February 19, 2017 – Energy
February 19, 2017
The energy of this place is impossible to miss. I feel paralyzed by the energy of life. It’s like I’ve been stabbed with an knife and I merge with this place as I die into it. Like being pierced by love, though love is not sharp, it cuts away the linearity and life becomes impossible to delineate. I looked up spontaneously and saw stars. I listen receptively and hear nothing. I wake up listening and a bird song I’ve never heard reverberates consciousness. There is a joy and ecstacy.
Today I bought fresh dates from the farmers market. At home, I wondered how I would keep up with the insights that I write down. Here I’m not sure either. I’m not sure how to capture this. What is there to capture and who is doing the capturing? How does one capture rapture? Something is unfolding without shaping and moulding.

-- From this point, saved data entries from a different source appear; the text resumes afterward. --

lemma op_mult_sum_left:
  "op_mult N (\<lambda>s t. \<Sum>m\<in>M. F m s t) B s t = (\<Sum>m\<in>M. op_mult N (F m) B s t)"
  unfolding op_mult_def by (simp add: sum_distrib_right) (rule sum.swap)

lemma op_mult_sum_right:
  "op_mult N A (\<lambda>s t. \<Sum>m\<in>M. F m s t) s t = (\<Sum>m\<in>M. op_mult N A (F m) s t)"
  unfolding op_mult_def by (simp add: sum_distrib_left) (rule sum.swap)

lemma op_mult_scale:
  "op_mult N (\<lambda>s t. c * A s t) (\<lambda>s t. d * B s t) s t = c * d * op_mult N A B s t"
  unfolding op_mult_def by (simp add: sum_distrib_left ac_simps)

lemma op_mult_zero_left [simp]: "op_mult N (\<lambda>s t. 0) B s t = 0"
  by (simp add: op_mult_def)

lemma op_mult_zero_right [simp]: "op_mult N A (\<lambda>s t. 0) s t = 0"
  by (simp add: op_mult_def)

lemma op_mult_cong:
  assumes "\<And>s t. s \<in> states N \<Longrightarrow> t \<in> states N \<Longrightarrow> A s t = A' s t"
    and "\<And>s t. s \<in> states N \<Longrightarrow> t \<in> states N \<Longrightarrow> B s t = B' s t"
    and "s \<in> states N" "t \<in> states N"
  shows "op_mult N A B s t = op_mult N A' B' s t"
  unfolding op_mult_def using assms by (intro sum.cong) auto

lemma op_mult_diag_left:
  "s \<in> states N \<Longrightarrow> op_mult N (\<lambda>s t. if s = t then r else 0) B s t = r * B s t"
  unfolding op_mult_def by (simp add: sum.delta' if_distrib[where f="\<lambda>x. x * _"] cong: if_cong)

lemma op_mult_diag_right:
  "t \<in> states N \<Longrightarrow> op_mult N A (\<lambda>s t. if s = t then r else 0) s t = A s t * r"
  unfolding op_mult_def by (simp add: sum.delta if_distrib[where f="\<lambda>x. _ * x"] cong: if_cong)

lemma mone_eq_diag: "mone i j = (\<lambda>s t. if s = t then (if i = j then 1 else 0) else 0)"
  by (auto simp: fun_eq_iff mone_def)

lemma mmult_assoc: "mmult N (mmult N X Y) Z = mmult N X (mmult N Y Z)"
  unfolding fun_eq_iff mmult_def
  by (simp add: op_mult_sum_left op_mult_sum_right op_mult_assoc) (intro allI sum.swap)

lemma mmult_cong: "meq N X X' \<Longrightarrow> meq N Y Y' \<Longrightarrow> meq N (mmult N X Y) (mmult N X' Y')"
  unfolding meq_def mmult_def by (auto intro!: sum.cong op_mult_cong)

lemma mmult_one_left: "meq N (mmult N mone X) X"
  by (simp add: meq_def mmult_def mone_eq_diag op_mult_diag_left if_distrib[where f="\<lambda>x. x * _"]
      sum.delta' cong: if_cong)

lemma mmult_one_right: "meq N (mmult N X mone) X"
  by (simp add: meq_def mmult_def mone_eq_diag op_mult_diag_right if_distrib[where f="\<lambda>x. _ * x"]
      sum.delta cong: if_cong)

lemma mscale_apply: "mscale c X i j = (\<lambda>s t. c * X i j s t)"
  by (simp add: fun_eq_iff mscale_def)

lemma mmult_mscale: "mmult N (mscale c X) (mscale d Y) = mscale (c * d) (mmult N X Y)"
  by (simp add: fun_eq_iff mmult_def mscale_apply op_mult_scale sum_distrib_left)

lemma mscale_cong: "meq N X Y \<Longrightarrow> meq N (mscale c X) (mscale c Y)"
  unfolding meq_def mscale_def by auto

lemma mscale_mscale: "mscale c (mscale d X) = mscale (c * d) X"
  by (simp add: fun_eq_iff mscale_def)

lemma mscale_one: "mscale 1 X = X"
  by (simp add: fun_eq_iff mscale_def)

lemma am_transp_mscale: "am_transp (mscale c X) = mscale c (am_transp X)"
  by (simp add: fun_eq_iff mscale_def am_transp_def)

lemma am_transp_cong: "meq N X Y \<Longrightarrow> meq N (am_transp X) (am_transp Y)"
  unfolding meq_def am_transp_def by auto

definition commuting :: "nat \<Rightarrow> 'i opmat \<Rightarrow> 'j opmat \<Rightarrow> bool" where
  "commuting N X Y \<longleftrightarrow> (\<forall>a b c d. \<forall>s\<in>states N. \<forall>t\<in>states N.
      op_mult N (X a b) (Y c d) s t = op_mult N (Y c d) (X a b) s t)"

lemma commuting_sym: "commuting N X Y \<Longrightarrow> commuting N Y X"
  unfolding commuting_def by metis

lemma commuting_mone: "commuting N X mone"
  unfolding commuting_def mone_eq_diag
  by (simp add: op_mult_diag_left op_mult_diag_right mult.commute)

lemma commuting_mmult:
  assumes A: "commuting N X A" and B: "commuting N X B"
  shows "commuting N X (mmult N A B)"
  unfolding commuting_def
proof (intro allI ballI)
  fix a b c d s t assume s: "s \<in> states N" and t: "t \<in> states N"
  have "op_mult N (X a b) (mmult N A B c d) s t
      = (\<Sum>j\<in>UNIV. op_mult N (op_mult N (X a b) (A c j)) (B j d) s t)"
    by (simp add: mmult_def op_mult_sum_right op_mult_assoc)
  also have "\<dots> = (\<Sum>j\<in>UNIV. op_mult N (op_mult N (A c j) (X a b)) (B j d) s t)"
    by (intro sum.cong refl op_mult_cong[OF _ _ s t]) (use A in \<open>auto simp: commuting_def\<close>)
  also have "\<dots> = (\<Sum>j\<in>UNIV. op_mult N (A c j) (op_mult N (B j d) (X a b)) s t)"
    unfolding op_mult_assoc
    by (intro sum.cong refl op_mult_cong[OF _ _ s t]) (use B in \<open>auto simp: commuting_def\<close>)
  also have "\<dots> = op_mult N (mmult N A B c d) (X a b) s t"
    by (simp add: mmult_def op_mult_sum_left op_mult_assoc)
  finally show "op_mult N (X a b) (mmult N A B c d) s t = op_mult N (mmult N A B c d) (X a b) s t" .
qed

lemma am_transp_mmult:
  "commuting N A B \<Longrightarrow> meq N (am_transp (mmult N A B)) (mmult N (am_transp B) (am_transp A))"
  unfolding meq_def commuting_def am_transp_def mmult_def by (auto intro!: sum.cong)

type_synonym 'i locmat = "'i \<Rightarrow> 'i \<Rightarrow> bool \<Rightarrow> bool \<Rightarrow> complex"

definition site_op :: "nat \<Rightarrow> 'i locmat \<Rightarrow> 'i opmat" where
  "site_op n x i j s t = x i j (s ! n) (t ! n) * same_off n s t"

definition local_mult :: "('i::finite) locmat \<Rightarrow> 'i locmat \<Rightarrow> 'i locmat" where
  "local_mult x y i k p r = (\<Sum>j\<in>UNIV. \<Sum>q\<in>UNIV. x i j p q * y j k q r)"

lemma same_off_self_update: "n < length s \<Longrightarrow> same_off n s (s[n := q]) = 1"
  by (simp add: same_off_def nth_list_update)

lemma same_off_update_left: "n < length s \<Longrightarrow> same_off n (s[n := q]) t = same_off n s t"
  by (simp add: same_off_def nth_list_update)

lemma same_off_eq_0:
  assumes "length u = length s" "n < length s" "u \<noteq> s[n := False]" "u \<noteq> s[n := True]"
  shows "same_off n s u = 0"
proof (rule ccontr)
  assume "same_off n s u \<noteq> 0"
  hence "\<forall>k<length s. k \<noteq> n \<longrightarrow> s ! k = u ! k"
    by (simp add: same_off_def split: if_splits)
  hence "u = s[n := u ! n]"
    using assms(1,2) by (auto simp: list_eq_iff_nth_eq nth_list_update)
  thus False using assms(3,4) by (cases "u ! n") auto
qed

lemma sum_same_off:
  assumes s: "s \<in> states N" and n: "n < N"
  shows "(\<Sum>u\<in>states N. same_off n s u * f u) = f (s[n := False]) + f (s[n := True])"
proof -
  have ls: "length s = N" using s by (simp add: states_def)
  have "(\<Sum>u\<in>states N. same_off n s u * f u) = (\<Sum>u\<in>{s[n := False], s[n := True]}. same_off n s u * f u)"
    using ls by (intro sum.mono_neutral_right finite_states) (auto simp: states_def n same_off_eq_0)
  moreover have "s[n := False] \<noteq> s[n := True]"
    using ls n by (metis nth_list_update_eq)
  ultimately show ?thesis using ls n by (simp add: same_off_self_update)
qed

lemma op_mult_site_op_left:
  assumes s: "s \<in> states N" and n: "n < N"
  shows "op_mult N (site_op n x i j) B s t =
     x i j (s ! n) False * B (s[n := False]) t + x i j (s ! n) True * B (s[n := True]) t"
proof -
  have "op_mult N (site_op n x i j) B s t
      = (\<Sum>u\<in>states N. same_off n s u * (x i j (s ! n) (u ! n) * B u t))"
    unfolding op_mult_def site_op_def by (simp add: ac_simps)
  also have "\<dots> = x i j (s ! n) False * B (s[n := False]) t + x i j (s ! n) True * B (s[n := True]) t"
    using sum_same_off[OF s n] s n by (simp add: states_def)
  finally show ?thesis .
qed

lemma mmult_site_op_same:
  "n < N \<Longrightarrow> meq N (mmult N (site_op n x) (site_op n y)) (site_op n (local_mult x y))"
  unfolding meq_def mmult_def
  by (auto simp: op_mult_site_op_left site_op_def local_mult_def states_def same_off_update_left
      sum_distrib_right sum_distrib_left UNIV_bool algebra_simps)

lemma op_mult_site_op_distinct:
  assumes s: "s \<in> states N" and t: "t \<in> states N" and n: "n < N" and m: "m < N" and "n \<noteq> m"
  shows "op_mult N (site_op n x i j) (site_op m y k l) s t =
     x i j (s ! n) (t ! n) * y k l (s ! m) (t ! m) *
       (if \<forall>k<N. k \<noteq> n \<and> k \<noteq> m \<longrightarrow> s ! k = t ! k then 1 else 0)"
proof -
  have "length s = N" "length t = N" using s t by (auto simp: states_def)
  thus ?thesis using \<open>n \<noteq> m\<close> n m unfolding op_mult_site_op_left[OF s n]
    by (cases "t ! n") (auto simp: site_op_def same_off_def nth_list_update)
qed

lemma commuting_site_op_distinct:
  "n < N \<Longrightarrow> m < N \<Longrightarrow> n \<noteq> m \<Longrightarrow> commuting N (site_op n x) (site_op m y)"
  unfolding commuting_def by (auto simp: op_mult_site_op_distinct conj_commute)

lemma site_op_diag:
  assumes "n < N"
  shows "meq N (site_op n (\<lambda>i j p q. if p = q then c i j else 0)) (\<lambda>i j s t. if s = t then c i j else 0)"
  using assms unfolding meq_def site_op_def same_off_def states_def
  by (auto simp: list_eq_iff_nth_eq)

lemma am_transp_site_op: "am_transp (site_op n x) = site_op n (\<lambda>a b. x b a)"
  by (simp add: fun_eq_iff am_transp_def site_op_def)

section \<open>Vertices given by four weights\<close>

type_synonym weights = "complex \<times> complex \<times> complex \<times> complex"

text \<open>Auxiliary indices \<open>a b\<close>, quantum indices \<open>x y\<close>.  The \<open>R\<close>-matrix is the vertex
  \<open>(1, b, c, 0)\<close> and its partial transpose \<open>R\<^sup>t\<^sup>0\<close> the vertex \<open>(1, b, 0, c)\<close>.\<close>

definition vertex :: "weights \<Rightarrow> bool locmat" where
  "vertex w a b x y = (case w of (p, q, r, s) \<Rightarrow>
     if a = b \<and> x = y then (if a = x then p else q)
     else if a \<noteq> b \<and> x \<noteq> y then (if a = x then s else r) else 0)"

text \<open>Under \<open>vertex\<close>, the weights multiply as the pairs \<open>(p + s\<epsilon>, q + r\<epsilon>)\<close> with
  \<open>\<epsilon>\<^sup>2 = 1\<close>; this gives the inverse below.\<close>

definition wmult :: "weights \<Rightarrow> weights \<Rightarrow> weights" where
  "wmult w w' = (case w of (p, q, r, s) \<Rightarrow> case w' of (p', q', r', s') \<Rightarrow>
      (p * p' + s * s', q * q' + r * r', q * r' + r * q', p * s' + s * p'))"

There was a man at the Farmer’s Market giving free hugs. We found out he’s being doing this weekly for 8 years. He said it was sort of an experiment and he’s learned so much about people. He said that “in the right environment, people are beautiful”. This sounded profound as the sounds rolled from his being painting his point for our seeing. There were musicians sharing their talents. At trio of three youngster with skills ahead of their years. A digeredoo player and a man who played the piano with the ease of drinking a glass of water.